IN THE MAGISTRATE’S COURT AT LAUTOKA


Criminal Case No 354/08


BETWEEN


THE STATE


AND


  1. PREM CHAND
  2. WILLIAM DRASUNA
  3. KAMINIELI DONU ( ALREADY DEALT WITH)
  4. TUPOU VUETAKI
  5. SAULA LALAGAVESI
  6. EMORI LAGAI

JUDGEMENT


  1. The Accused persons are charged with the following counts;

1st Count


Statement of offence


Larceny contrary to section 259& 262 of the Penal Code


Particulars of offence

Prem Chand in the month of January 2008 at Lautoka in the Western Division stole the ignition key of vehicle registration number DE 407 valued $ 30 the property of Vinod Kumar.


2nd Count


Statement of offence


Conspiracy to commit felony contrary to section 385 of the Penal Code


Particulars of offence


William Drasuna, Kaminieli Donu, Tupou Vuetaki, Saula Lalagavesi and Emori Lagai on the 1st day of May 2008 at Lautoka in the Western Division conspired with each other to commit a felony namely robbery with violence.


3rd Count


Statement of offence


Unlawful use of motor vehicle contrary to section 292 of the Penal Code


Particulars of offence


William Drasuna, Kaminieli Donu, Tupou Vuetaki and Saula Lalagavesi on the 2nd day of May 2008 at Lautoka in the Western Division unlawfully and without colour of right but not as to be guilty of stealing took their own use motor vehicle registration number DE 407 the property of Hydraulic Hose Limited.

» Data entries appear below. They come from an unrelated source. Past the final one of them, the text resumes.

theorem lemma6:
  fixes V :: "complex set" and E :: "complex set set" and \<gamma> :: "complex set \<Rightarrow> real \<Rightarrow> complex"
    and C0 :: "complex list" and s :: nat and H :: "complex \<times> nat \<Rightarrow> complex \<times> nat \<Rightarrow> bool"
    and f :: "nat \<Rightarrow> complex \<Rightarrow> nat" and R0 :: "(complex \<times> nat) set"
  assumes ce: "counterexample V E \<gamma> C0 s H f R0"
    and minimal: "\<And>V' E' \<gamma>' C0' s' H' f' R0'.
        counterexample V' E' \<gamma>' C0' s' H' f' R0' \<Longrightarrow> card V \<le> card V'"
  shows "\<not> (\<exists>C. is_cycle V E C \<and> length C = 3 \<and> separating_cycle V \<gamma> C)"
proof
  assume "\<exists>C. is_cycle V E C \<and> length C = 3 \<and> separating_cycle V \<gamma> C"
  then obtain c1 c2 c3 where C: "is_cycle V E [c1, c2, c3]"
      and separating: "separating_cycle V \<gamma> [c1, c2, c3]"
    by (auto simp: numeral_3_eq_3 length_Suc_conv)
  let ?K = "cycle_curve \<gamma> [c1, c2, c3]"
  have plane: "plane_graph V E \<gamma>"
    using ce unfolding counterexample_iff_not_extendable extension_problem_def by blast
  show False
  proof (rule minimal_counterexample_no_triangle_cut[OF ce _ C])
    show "V = {c1, c2, c3} \<union> V \<inter> inside ?K \<union> V \<inter> outside ?K"
      "V \<inter> inside ?K \<inter> (V \<inter> outside ?K) = {}"
      "{c1, c2, c3} \<inter> (V \<inter> inside ?K) = {}" "{c1, c2, c3} \<inter> (V \<inter> outside ?K) = {}"
      using separating_cycle_partition[OF plane C] by simp_all
    show "V \<inter> inside ?K \<noteq> {}" "V \<inter> outside ?K \<noteq> {}"
      using separating unfolding separating_cycle_def by blast+
    show "{u, w} \<notin> E" if "u \<in> V \<inter> inside ?K" "w \<in> V \<inter> outside ?K" for u w
      using plane_graph_no_edge_across_cycle[OF plane C] that by blast
  qed (rule minimal)
qed

end
(* Let $n,m$ be positive integers and $\mathbf a\in\mathbb N^n$. Then $$v^{(n,m)}(\mathbf a)=\sum_{\mathbf j\in\{0,1\}^n:\ \chi(\mathbf a)\trianglerighteq_1\mathbf j} v^{(n,m-1)}(\mathbf j).$$
   Context: $G(n,m)$ is the directed graph with vertex set $\{(i,j):1\le i\le n,\ 0\le j\le m\}\cup\{s\}$ and edges $((i,j),(i,j+1))$ for $1\le i\le n$, $0\le j\le m-1$; $((i,j),(i+1,j))$ for $1\le i\le n-1$, $0\le j\le m$; and $((n,j),s)$ for $0\le j\le m$. $\mathcal F_{G(n,m)}(\mathbf a)$ is the set of nonnegative real edge weightings such that at each vertex outflow minus inflow equals its netflow: $a_i$ at $(i,0)$, $-\sum_i a_i$ at $s$, $0$ elsewhere. $v^{(n,m)}(\mathbf a)$ denotes the number of vertices of $\mathcal F_{G(n,m)}(\mathbf a)$, with the convention $v^{(n,0)}(\mathbf j)=1$. $\chi(\mathbf a)\in\{0,1\}^n$ is the vector with $\chi(\mathbf a)_i=1$ iff $a_i>0$. For $\mathbf v,\mathbf w\in\mathbb N^n$, $\mathbf v\trianglerighteq\mathbf w$ (dominance) means $\sum_{k\le i}v_k\ge\sum_{k\le i}w_k$ for all $i$. For $\mathbf v,\mathbf w\in\mathbb N^n$ with $\mathbf v\trianglerighteq\mathbf w$ and $\chi(\mathbf v)\trianglerighteq\chi(\mathbf w)$, let $Z_{\mathbf v}=\{i:v_i=0\}$, $Z_{\mathbf w}=\{i:w_i=0\}$, and build the matching $M\subseteq Z_{\mathbf v}\times Z_{\mathbf w}$ by repeatedly taking the largest unmatched index $i'\in Z_{\mathbf v}$ and matching it to the largest unmatched index of $Z_{\mathbf w}$ that is $\le i'$, until all of $Z_{\mathbf v}$ is matched. Set $z=\max\{\max\{i-j:(i,j)\in M\},1\}$; we write $\mathbf v\trianglerighteq_z\mathbf w$. In particular $\mathbf v\trianglerighteq_1\mathbf w$ means $\mathbf v\trianglerighteq\mathbf w$, $\chi(\mathbf v)\trianglerighteq\chi(\mathbf w)$, and $i-j\le1$ for all $(i,j)\in M$. *)

theory Defs
  imports Complex_Main
begin

text \<open>Vertices of G(n,m): V i j stands for (i,j); S is the sink s.\<close>
datatype gv = V nat nat | S

definition gverts :: "nat \<Rightarrow> nat \<Rightarrow> gv set" where
  "gverts n m = {V i j | i j. 1 \<le> i \<and> i \<le> n \<and> j \<le> m} \<union> {S}"

definition gedges :: "nat \<Rightarrow> nat \<Rightarrow> (gv \<times> gv) set" where
  "gedges n m =
     {(V i j, V i (j+1)) | i j. 1 \<le> i \<and> i \<le> n \<and> j < m}
   \<union> {(V i j, V (i+1) j) | i j. 1 \<le> i \<and> i < n \<and> j \<le> m}
   \<union> {(V n j, S) | j. j \<le> m}"

text \<open>Netflow: a_i at (i,0), minus the total at s, 0 elsewhere.
  The vector a in N^n is a list of length n; a_i = a ! (i-1).\<close>
definition netflow :: "nat \<Rightarrow> nat list \<Rightarrow> gv \<Rightarrow> real" where
  "netflow n a x = (case x of
      V i j \<Rightarrow> (if j = 0 \<and> 1 \<le> i \<and> i \<le> n then real (a ! (i-1)) else 0)
    | S \<Rightarrow> - real (sum_list a))"

text \<open>Flow polytope: nonnegative edge weightings (functions on pairs of vertices,
  zero off the edge set) satisfying outflow - inflow = netflow at every vertex.\<close>
definition flow_polytope :: "nat \<Rightarrow> nat \<Rightarrow> nat list \<Rightarrow> (gv \<times> gv \<Rightarrow> real) set" where
  "flow_polytope n m a = {f.
      (\<forall>e. e \<notin> gedges n m \<longrightarrow> f e = 0)
    \<and> (\<forall>e\<in>gedges n m. 0 \<le> f e)
    \<and> (\<forall>x\<in>gverts n m.
          (\<Sum>e\<in>{e\<in>gedges n m. fst e = x}. f e) - (\<Sum>e\<in>{e\<in>gedges n m. snd e = x}. f e)
          = netflow n a x)}"

definition extreme_points :: "('a \<Rightarrow> real) set \<Rightarrow> ('a \<Rightarrow> real) set" where
  "extreme_points P = {x \<in> P. \<not> (\<exists>y\<in>P. \<exists>z\<in>P. \<exists>t::real. y \<noteq> z \<and> 0 < t \<and> t < 1 \<and>
                                     x = (\<lambda>e. (1 - t) * y e + t * z e))}"

text \<open>v^(n,m)(a), with the convention v^(n,0)(j) = 1.\<close>
definition num_vertices :: "nat \<Rightarrow> nat \<Rightarrow> nat list \<Rightarrow> nat" where
  "num_vertices n m a = (if m = 0 then 1 else card (extreme_points (flow_polytope n m a)))"

definition chi :: "nat list \<Rightarrow> nat list" where
  "chi a = map (\<lambda>x. if 0 < x then 1 else 0) a"

definition dominates :: "nat list \<Rightarrow> nat list \<Rightarrow> bool" where
  "dominates v w \<longleftrightarrow> (\<forall>i \<le> length v. sum_list (take i w) \<le> sum_list (take i v))"

text \<open>Zero index set, 1-based.\<close>
definition zeros :: "nat list \<Rightarrow> nat set" where
  "zeros v = {i. 1 \<le> i \<and> i \<le> length v \<and> v ! (i-1) = 0}"

fun greedy_match :: "nat list \<Rightarrow> nat set \<Rightarrow> (nat \<times> nat) list option" where
  "greedy_match [] A = Some []"
| "greedy_match (i # is) A =
     (let C = {j \<in> A. j \<le> i} in
      if C = {} then None
      else (let j = Max C in map_option (Cons (i, j)) (greedy_match is (A - {j}))))"

definition matching :: "nat list \<Rightarrow> nat list \<Rightarrow> (nat \<times> nat) list option" where
  "matching v w = greedy_match (rev (sorted_list_of_set (zeros v))) (zeros w)"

  1. The 3rd Accused pleaded guilty on the 18th March 2010 and was sentenced accordingly. Later the trial started on the 10th September 2010 against the 1st, 2nd, 4th, 5th and the 6th Accused and it was concluded on the 08th May 2012. The Prosecution called 9 witnesses and after the prosecution case was closed the Court held that there is a case made out against the Accused for them to reply. Accused 1,2,4,5 and 6 gave evidence and Accused 4, 5 and 6 called witnesses too.

The Law


  1. Larceny is defined in Section 259(1) as; “A person steals who, without the consent of the owner, fraudulently and without a claim of right made in good faith, takes and carries away anything capable of being stolen with intent, at the time of such taking, permanently to deprive the owner thereof:”
  2. Section 385 of the Penal Code reads as follows;

“Any person who conspires with another to commit any felony, or to do any act in any part of the world which if done in Fiji would be a felony, and which is an offence under the laws in force in the place where it is proposed to be done, is guilty of a felony, and is liable, if no other punishment is provided, to imprisonment for seven years, or, if the greater punishment to which a person convicted of the felony in question is liable is less than imprisonment for seven years, then to such lesser punishment.”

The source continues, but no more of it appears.